lemma zmult_plus_1: "zmult (a + 1) x = zmult a x + x"
proof (cases a rule: int_cases)
  case (nonneg n)
  then show ?thesis
    using zmult_of_nat[of "Suc n" x] zmult_of_nat[of n x] by (simp add: add.commute)
next
  case (neg n)
  then have "a + 1 = - int n" by simp
  then show ?thesis
    using neg zmult_neg_of_nat[of n x] zmult_neg_of_nat[of "Suc n" x]
      zmult_of_nat[of "Suc n" x] zmult_of_nat[of n x]
    by (simp add: add.commute)
qed

lemma zmult_add: "zmult (a + b) x = zmult a x + zmult b x"
proof (induction b rule: int_induct[where k = 0])
  case (step1 i)
  then show ?case using zmult_plus_1[of "a + i" x] zmult_plus_1[of i x] by (simp add: add.assoc)
next
  case (step2 i)
  then show ?case using zmult_plus_1[of "a + (i - 1)" x] zmult_plus_1[of "i - 1" x]
    by (simp add: algebra_simps)
qed simp

lemma zmult_diff: "zmult (a - b) x = zmult a x - zmult b x"
  using zmult_add[of a "- b" x] by (simp add: zmult_neg)

lemma zmult_mult: "zmult (a * b) x = zmult a (zmult b x)"
proof (induction a rule: int_induct[where k = 0])
  case (step1 i)
  then show ?case by (simp add: distrib_right zmult_add)
next
  case (step2 i)
  then show ?case by (simp add: left_diff_distrib zmult_diff)
qed simp

lemma subgroup_of_diff_mem: "subgroup_of K \<Longrightarrow> x \<in> K \<Longrightarrow> y \<in> K \<Longrightarrow> x - y \<in> K"
  unfolding subgroup_of_def by (metis diff_conv_add_uminus)

lemma subgroup_of_zmult_mem:
  assumes "subgroup_of K" "x \<in> K"
  shows "zmult c x \<in> K"
proof -
  have "(\<Sum>_\<in>{..<n}. x) \<in> K" for n :: nat
    using assms by (induction n) (auto simp: subgroup_of_def)
  then have nat_mem: "zmult (int n) x \<in> K" for n
    by (simp only: zmult_of_nat)
  show ?thesis
  proof (cases "0 \<le> c")
    case True
    then show ?thesis using nat_mem[of "nat c"] by simp
  next
    case False
    then obtain n where "- c = int n" by (metis neg_0_le_iff_le nle_le nonneg_int_cases)
    then have "zmult c x = - zmult (int n) x"
      by (metis zmult_neg minus_minus)
    then show ?thesis using nat_mem assms(1) by (simp add: subgroup_of_def)
  qed
qed

lemma coset_eqI:
  assumes "subgroup_of K" "a - b \<in> K"
  shows "(\<lambda>y. a + y) ` K = (\<lambda>y. b + y) ` K"
proof -
  have "(\<lambda>y. a + y) ` K \<subseteq> (\<lambda>y. b + y) ` K" if "a - b \<in> K" for a b
  proof
    fix z assume "z \<in> (\<lambda>y. a + y) ` K"
    then obtain y where "y \<in> K" "z = b + ((a - b) + y)" by auto
    moreover from this have "(a - b) + y \<in> K" using assms(1) that by (auto simp: subgroup_of_def)
    ultimately show "z \<in> (\<lambda>y. b + y) ` K" by blast
  qed
  moreover have "b - a \<in> K"
    using assms by (metis minus_diff_eq subgroup_of_def)
  ultimately show ?thesis using assms(2) by blast
qed

definition adjoin :: "'a::ab_group_add set \<Rightarrow> 'a \<Rightarrow> 'a set" where
  "adjoin K a = {y + zmult c a | y c. y \<in> K}"

lemma subset_adjoin: "subgroup_of K \<Longrightarrow> K \<subseteq> adjoin K a"
  unfolding adjoin_def by (force intro: exI[of _ 0])

lemma subgroup_of_adjoin:
  assumes K: "subgroup_of K"
  shows "subgroup_of (adjoin K a)"
  unfolding subgroup_of_def
proof (intro conjI ballI)
  show "0 \<in> adjoin K a" using subset_adjoin[OF K] K by (auto simp: subgroup_of_def)
next
  fix x z assume "x \<in> adjoin K a" "z \<in> adjoin K a"
  then obtain y c y' c' where "y \<in> K" "y' \<in> K" "x = y + zmult c a" "z = y' + zmult c' a"
    by (auto simp: adjoin_def)
  moreover from this have "x + z = (y + y') + zmult (c + c') a"
    by (simp add: zmult_add algebra_simps)
  moreover have "y + y' \<in> K" using K calculation by (simp add: subgroup_of_def)
  ultimately show "x + z \<in> adjoin K a" unfolding adjoin_def by blast
next
  fix x assume "x \<in> adjoin K a"
  then obtain y c where "y \<in> K" "x = y + zmult c a" by (auto simp: adjoin_def)
  moreover from this have "- x = - y + zmult (- c) a" by (simp add: zmult_neg)
  moreover have "- y \<in> K" using K calculation by (simp add: subgroup_of_def)
  ultimately show "- x \<in> adjoin K a" unfolding adjoin_def by blast
qed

● ● ● ● ● ● ●

**Exercise**
Search the entries above for the string "thesis", and report each line where it occurs.

**Answer area**
  then show ?thesis
  then show ?thesis
  show ?thesis
    then show ?thesis using nat_mem[of "nat c"] by simp
    then show ?thesis using nat_mem assms(1) by (simp add: subgroup_of_def)
  ultimately show ?thesis using assms(2) by blast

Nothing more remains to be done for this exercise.